Like most politicians, he'd learned to judge people by how they reacted to questions. Being asked this run of questions by the president of the United States was usually disarming even for someone as practiced as the director of special operations. Meyers showed no visible sign of surprise, but his answer was too long in coming. He stared at the president, mute.

Robert pushed. “I have reason to believe that there is a connection. I want to know whether there's any plan on or off the books to deal with Feroz using the X Group.”

A pause. “There's been some discussion. Only that. I'm afraid I simply can't say more.”

“You can't possibly think that killing Feroz would resolve the dilemma we're facing with the Iranian initiative.”

“No.”

“It would only fuel their fires.”

“I agree. But killing a man isn't the only way to remove him from the scene.”

“What, you wound him? Give him a disease that turns him into a vegetable? Poison him?”

“They've all been done, but no.” Frank Meyers averted his eyes. “With all due respect, I really don't know of any operational plan involving the X Group. I've already said way more—”

“Remember which office you're in, Mr. Meyers.”

A direct stare. “That's my point.”

Robert knew he'd pushed the topic to its limits. He already knew more than he wanted to know.

“You're right. I'm sorry, I don't mean to compromise your position. But I assure you that the last thing we need is to make the Iranian defense minister a martyr.”

“Absolutely, I agree.”

But there was still a plan. What then? It would make no sense for anyone to attempt to kill Feroz or him. Or, for that matter, the Israeli prime minister.

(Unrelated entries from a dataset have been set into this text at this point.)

(* Let $(a_n)$ be a strictly decreasing sequence of positive reals with $a_n\to0$, let $d>1$, and define $$\alpha_n:=\frac1n\sum_{m\ge1,\,m\ne n}\ln|1-a_m/a_n|\in[-\infty,\infty).$$ 1. If $(n^da_n)$ is eventually monotonically increasing, then $\limsup_{n\to\infty}\alpha_n\le\zeta(d)$. 2. If $(n^da_n)$ is eventually monotonically decreasing, then $\liminf_{n\to\infty}\alpha_n\ge\zeta(d)$.
   Context: $\zeta(d):=\int_0^1\ln(1/z^d-1)\,dz+\int_1^\infty\ln(1-1/z^d)\,dz$ for $d>1$. A real sequence is eventually monotonically increasing (decreasing) if it is monotonically increasing (decreasing) from some index on. *)

theory Defs
  imports "HOL-Analysis.Analysis"
begin

definition zeta_d :: "real \<Rightarrow> real" where
  "zeta_d d = (LBINT z:{0<..<1}. ln (1 / z powr d - 1)) + (LBINT z:{1<..}. ln (1 - 1 / z powr d))"

text \<open>alpha_n = (1/n) * sum over m >= 1, m ~= n of ln|1 - a_m/a_n|, as an extended real in [-inf, inf).
  The finitely many terms with m < n are summed directly; the terms with m > n are
  nonpositive (for a strictly decreasing positive sequence), so their sum is
  minus the (extended-real) sum of the nonnegative numbers -ln|1 - a_m/a_n|.\<close>
definition alpha :: "(nat \<Rightarrow> real) \<Rightarrow> nat \<Rightarrow> ereal" where
  "alpha a n = ereal (1 / real n) *
     (ereal (\<Sum>m\<in>{1..<n}. ln \<bar>1 - a m / a n\<bar>)
      - (\<Sum>k. ereal (- ln \<bar>1 - a (n + Suc k) / a n\<bar>)))"

end

(*
  Put phi(x) = ln |1 - x powr -d| (this is zeta_integrand d x), so that zeta(d) is the integral
  of phi over (0,1) and (1,oo).
  If n^d a_n is monotone from N on, then for N <= m, n with m ~= n the ratio a_m / a_n lies
  between 1 and (n/m)^d, so each term ln |1 - a_m / a_n| of n * alpha_n is bounded by phi(m/n),
  from above if n^d a_n increases and from below if it decreases. As phi decreases on (0,1) and
  increases on (1,oo), the sum (1/n) * sum_m phi(m/n) is a Riemann sum squeezed between integrals
  of phi over intervals exhausting (0,1) and (1,oo). The finitely many terms with m < N change
  n * alpha_n by O(ln n): in the increasing case because a_n >= c * n^-d, in the decreasing case
  because eventually a_m >= 2 a_n while phi(m/n) <= d ln n.
*)
theory Submission
  imports Defs "HOL-Real_Asymp.Real_Asymp"
begin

“Does Director Carter know about this ‘discussion' with the Group?”

Another slight pause. “I believe he's aware of some things.”

Then a formal plan existed. A plan that was being considered at the highest level. And his spiritual adviser seemed terrified by this business. Which part of it, David himself probably couldn't explain. The man operated on spiritual discernment as much as on facts. Evil was lurking.

Then again, David Abraham had come face-to-face with evil and lived to tell of it. The president of the United States had Gandalf the White as a spiritual adviser.

Robert regarded the director of special operations steadily. “You know that I've decided to oppose the Iranian initiative at the UN summit in two weeks?”

“Yes, sir.”

“Please tell whoever you need to that I want no agency involvement in this. Are we clear? If I have to, I'll talk to the director, but the last thing we need is some kind of cover-up in a matter as critical as this.” “Understood, sir.”

“Thank you, Frank.”

9

C
arl lay on his belly in the narrow crate, rifle extended, ready, with the barrel an inch from a small wooden door he assumed would be opened when it was time to shoot. A strong medicinal scent made it hard to breathe.

The implications of his predicament were clear. He was expected to win. Neither Jenine nor Englishman could place five rounds in a target at two thousand yards as quickly as he could.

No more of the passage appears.